### THE TASK:
Please look for the string "unfolding" below and report every line in which it occurs.

Records from a data collection:

========================================================================

lemma ones_ratio_dense: "{1/6 .. 1/2} \<subseteq> closure {ones_ratio n | n. n \<ge> 1}"
proof
  fix x :: real
  assume x: "x \<in> {1/6 .. 1/2}"
  show "x \<in> closure {ones_ratio n | n. n \<ge> 1}"
  proof (rule closure_approachable[THEN iffD2], intro allI impI)
    fix e :: real
    assume "e > 0"
    obtain L where "1 / e < 2^L"
      using real_arch_pow[of 2 "1 / e"] by auto
    define K :: nat where "K = 2^L"
    have K: "K \<ge> 1" "1 / real K < e"
      using \<open>e > 0\<close> \<open>1 / e < 2^L\<close> unfolding K_def by (simp_all add: field_simps)
    \<comment> \<open>Along \<open>2 (K + i)\<close> the ratio falls from \<open>1/2\<close> to about \<open>1/6\<close> in steps of at most \<open>1/K\<close>.\<close>
    define y where "y i = ones_ratio (2 * (K + i))" for i
    have "x \<le> y 0"
      using x ones_ratio_double_power2[of L] unfolding y_def K_def by simp
    moreover have "y i - 1 / real K \<le> y (Suc i)" for i
    proof -
      have "1 / real (K + i) \<le> 1 / real K"
        using K by (simp add: frac_le)
      then show ?thesis
        using ones_ratio_double_Suc_ge[of "K + i"] K unfolding y_def by simp
    qed
    moreover have "y (K - 1) \<le> x + 1 / real K"
    proof -
      have "K + (K - 1) = 2^Suc L - 1"
        using K unfolding K_def by simp
      then have "y (K - 1) = 1/6 + 1 / (3 * (2 * real K - 1))"
        using ones_ratio_double_mersenne[of L] unfolding y_def K_def by simp
      also have "\<dots> \<le> 1/6 + 1 / real K"
      proof -
        have "1 \<le> real K"
          using K by simp
        then have "real K \<le> 3 * (2 * real K - 1)"
          by (simp add: algebra_simps)
        then show ?thesis
          using \<open>1 \<le> real K\<close> by (simp add: frac_le)
      qed
      finally show ?thesis
        using x by simp
    qed
    ultimately obtain i where "\<bar>y i - x\<bar> \<le> 1 / real K"
      using discrete_ivt[of x y "K - 1" "1 / real K"] by blast
    moreover have "y i \<in> {ones_ratio n | n. n \<ge> 1}"
      unfolding y_def using K by (intro CollectI exI[of _ "2 * (K + i)"]) simp
    ultimately show "\<exists>r\<in>{ones_ratio n | n. n \<ge> 1}. dist r x < e"
      using K by (intro bexI[of _ "y i"]) (simp_all add: dist_real_def)
  qed
qed

theorem mainTheorem10:
  fixes G :: "bit fps" and a :: "nat \<Rightarrow> nat"
  assumes G0: "fps_nth G 0 = 0"
    and inv1: "fps_compose TM_F G = fps_X"
    and inv2: "fps_compose G TM_F = fps_X"
    and a_def: "\<And>n. a n = (if n = 0 then 0
                  else enumerate {m. m \<ge> 1 \<and> fps_nth G m = 1} (n - 1))"
  shows "infinite {m. m \<ge> 1 \<and> fps_nth G m = 1}
    \<and> liminf (\<lambda>n. ereal (real (a n) / real n ^ 2)) = ereal (1/6)
    \<and> limsup (\<lambda>n. ereal (real (a n) / real n ^ 2)) = ereal (1/2)
    \<and> {1/6 .. 1/2} \<subseteq> closure {real (a n) / real n ^ 2 | n. n \<ge> 1}"
proof -
  note ones = TM_F_inverse_support[OF G0 inv1]
  have mono: "strict_mono (\<lambda>k. ones_enum (Suc k))"
    using strict_mono_ones_enum by (simp add: strict_mono_Suc_iff)
  then have "infinite {m. m \<ge> 1 \<and> fps_nth G m = 1}"
    unfolding ones using range_inj_infinite strict_mono_imp_inj_on by blast
  moreover have "a = ones_enum"
  proof
    fix n
    show "a n = ones_enum n"
    proof (cases n)
      case 0
      then show ?thesis
        by (simp add: a_def ones_enum_def)
    next
      case (Suc k)
      then show ?thesis
        by (simp only: a_def ones enumerate_range_strict_mono[OF mono]) simp
    qed
  qed
  ultimately show ?thesis
    using liminf_ones_ratio limsup_ones_ratio ones_ratio_dense unfolding ones_ratio_def by simp
qed

end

========================================================================

### EXERCISE ANSWER:
      using \<open>e > 0\<close> \<open>1 / e < 2^L\<close> unfolding K_def by (simp_all add: field_simps)
      using x ones_ratio_double_power2[of L] unfolding y_def K_def by simp
        using ones_ratio_double_Suc_ge[of "K + i"] K unfolding y_def by simp
        using K unfolding K_def by simp
        using ones_ratio_double_mersenne[of L] unfolding y_def K_def by simp
      unfolding y_def using K by (intro CollectI exI[of _ "2 * (K + i)"]) simp
    unfolding ones using range_inj_infinite strict_mono_imp_inj_on by blast
    using liminf_ones_ratio limsup_ones_ratio ones_ratio_dense unfolding ones_ratio_def by simp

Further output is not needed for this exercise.